With the Penny Dreadful Novella Prize we are challenging authors to look at the rich history of a vibrant, elastic and living literary form and attempt to remake it in their own image. The prize is aimed not just at awarding excellent new writing but at shedding light on an undervalued and often overlooked literature.

Stephen King called the novella a “banana republic”, an anarchy-filled, anything-goes, literary wilderness between the short story and novel. Paul McVeigh, one of our judges, says that the novella should have both the depth of the short story and the breadth of the novel. The novella has been called the sonata to the novel’s symphony. It has been called the first-born child of the fledgling writer and the confident roar of the literary veteran. It has been called the “beautiful daughter, of a rambling, bloated, ill-shaven giant”.
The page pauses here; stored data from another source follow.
(* Let $q\in\mathbb{C}\setminus\{0\}$, $n\in\mathbb{N}$, $r\in(0,+\infty]$. (i) There exists a surjective continuous homomorphism $\pi:\mathcal{F}(\mathbb{B}_r^n)\to\mathcal{O}_q(\mathbb{B}_r^n)$ with $\zeta_i\mapsto x_i$ ($i=1,\dots,n$). (ii) $\operatorname{Ker}\pi$ equals the closed two-sided ideal of $\mathcal{F}(\mathbb{B}_r^n)$ generated by $\zeta_i\zeta_j-q\zeta_j\zeta_i$ ($1\le i<j\le n$). (iii) $\operatorname{Ker}\pi$ is a complemented subspace of $\mathcal{F}(\mathbb{B}_r^n)$. (iv) Under the identification $\mathcal{O}_q(\mathbb{B}_r^n)\cong\mathcal{F}(\mathbb{B}_r^n)/\operatorname{Ker}\pi$, for each $\rho\in(0,r)$ the norm $\|\cdot\|_{\mathbb{B},\rho}$ equals the quotient norm of $\|\cdot\|^\circ_\rho$.
   Context: $W_n$: finite words $\alpha=(\alpha_1,\dots,\alpha_d)$ over $\{1,\dots,n\}$, $|\alpha|=d$; $p(\alpha)=(p_1(\alpha),\dots,p_n(\alpha))\in\mathbb{Z}_+^n$ with $p_i(\alpha)=\#\{j:\alpha_j=i\}$. $\mathcal{F}(\mathbb{B}_r^n)$ is the algebra of series $f=\sum_{\alpha\in W_n}c_\alpha\zeta_\alpha$ with $\|f\|^\bullet_\rho=\sum_{d\ge0}(\sum_{|\alpha|=d}|c_\alpha|^2)^{1/2}\rho^d<\infty$ for all $\rho\in(0,r)$, multiplication by concatenation, topology given by $\|\cdot\|^\bullet_\rho$; equivalently by the norms $\|f\|^\circ_\rho=\sum_{k\in\mathbb{Z}_+^n}(\sum_{\alpha\in p^{-1}(k)}|c_\alpha|^2)^{1/2}\rho^{|k|}$. $\mathcal{O}_q^{\mathrm{reg}}(\mathbb{C}^n)$: algebra generated by $x_1,\dots,x_n$ with $x_ix_j=qx_jx_i$ ($i<j$), basis $x^k$. $u_q(k)=|q|^{\sum_{i<j}k_ik_j}$, $[m]_t=1+\dots+t^{m-1}$, $[m]_t!=[1]_t\cdots[m]_t$, $[0]_t!=1$, $[k]_t!=\prod[k_i]_t!$, $|k|=\sum k_i$; $\|\sum c_kx^k\|_{\mathbb{B},\rho}=\sum|c_k|([k]_{|q|^2}!/[|k|]_{|q|^2}!)^{1/2}u_q(k)\rho^{|k|}$; $\mathcal{O}_q(\mathbb{B}_r^n)$ is the completion of $\mathcal{O}_q^{\mathrm{reg}}(\mathbb{C}^n)$ with respect to these norms, $\rho\in(0,r)$. *)

theory Defs
  imports "HOL-Analysis.Analysis"
begin

text \<open>Words over {1..n} are lists; an element of F(B_r^n) is its coefficient
 function c : words -> complex (the series sum c_alpha zeta_alpha).\<close>

definition words :: "nat \<Rightarrow> nat list set" where
  "words n = {\<alpha>. set \<alpha> \<subseteq> {1..n}}"

definition wblock :: "nat \<Rightarrow> (nat list \<Rightarrow> complex) \<Rightarrow> nat \<Rightarrow> real" where
  "wblock n c d = sqrt (\<Sum>\<alpha>\<in>{\<alpha>\<in>words n. length \<alpha> = d}. (cmod (c \<alpha>))^2)"

definition normF_bullet :: "nat \<Rightarrow> (nat list \<Rightarrow> complex) \<Rightarrow> real \<Rightarrow> real" where
  "normF_bullet n c \<rho> = (\<Sum>\<^sub>\<infinity>d\<in>(UNIV::nat set). wblock n c d * \<rho> ^ d)"

definition Fspace :: "nat \<Rightarrow> ereal \<Rightarrow> (nat list \<Rightarrow> complex) set" where
  "Fspace n r = {c. (\<forall>\<alpha>. \<alpha> \<notin> words n \<longrightarrow> c \<alpha> = 0) \<and>
      (\<forall>\<rho>. 0 < \<rho> \<and> ereal \<rho> < r \<longrightarrow> (\<lambda>d. wblock n c d * \<rho> ^ d) summable_on (UNIV::nat set))}"

text \<open>Multi-indices k in Z_+^n are functions nat => nat supported in {1..n}.\<close>

definition mindex :: "nat \<Rightarrow> (nat \<Rightarrow> nat) set" where
  "mindex n = {k. \<forall>i. i \<notin> {1..n} \<longrightarrow> k i = 0}"

definition mabs :: "nat \<Rightarrow> (nat \<Rightarrow> nat) \<Rightarrow> nat" where
  "mabs n k = (\<Sum>i\<in>{1..n}. k i)"

definition pvec :: "nat list \<Rightarrow> nat \<Rightarrow> nat" where
  "pvec \<alpha> = (\<lambda>i. count_list \<alpha> i)"

definition normF_circ :: "nat \<Rightarrow> (nat list \<Rightarrow> complex) \<Rightarrow> real \<Rightarrow> real" where
  "normF_circ n c \<rho> = (\<Sum>\<^sub>\<infinity>k\<in>mindex n.
      sqrt (\<Sum>\<alpha>\<in>{\<alpha>\<in>words n. pvec \<alpha> = k}. (cmod (c \<alpha>))^2) * \<rho> ^ (mabs n k))"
These metaphors tell us more about the form than any definition could: writers love the novella form because it can be whatever they want it to be. It can have a plot as complex and twisting as Thomas Pynchon’s The Crying of Lot 49 or as condensed as Kafka’s Metamorphosis. It can be as mimetic as Conrad or as fantastic as Marquez, as verbose as Joyce or as distilled as Beckett. Like metaphor itself, it takes elements from the domain of the novel and elements from the domain of the short story, and constructs something utterly new, a new perspective, a new way to tell a story.

The difficulty in defining a novella is its greatest strength. There is no Greatest Novella Ever Written to hang like a millstone around an author’s neck; there are only the endless possibilities of a largely uncharted area of literature. Forget your definitions: take your stories out from the drawers and wrestle them in all their shapes and forms. Then send them to The Penny Dreadful Novella Prize, where it will be published, not as a short story or as a novel, but that strange and wonderful anomaly of literature – the novella.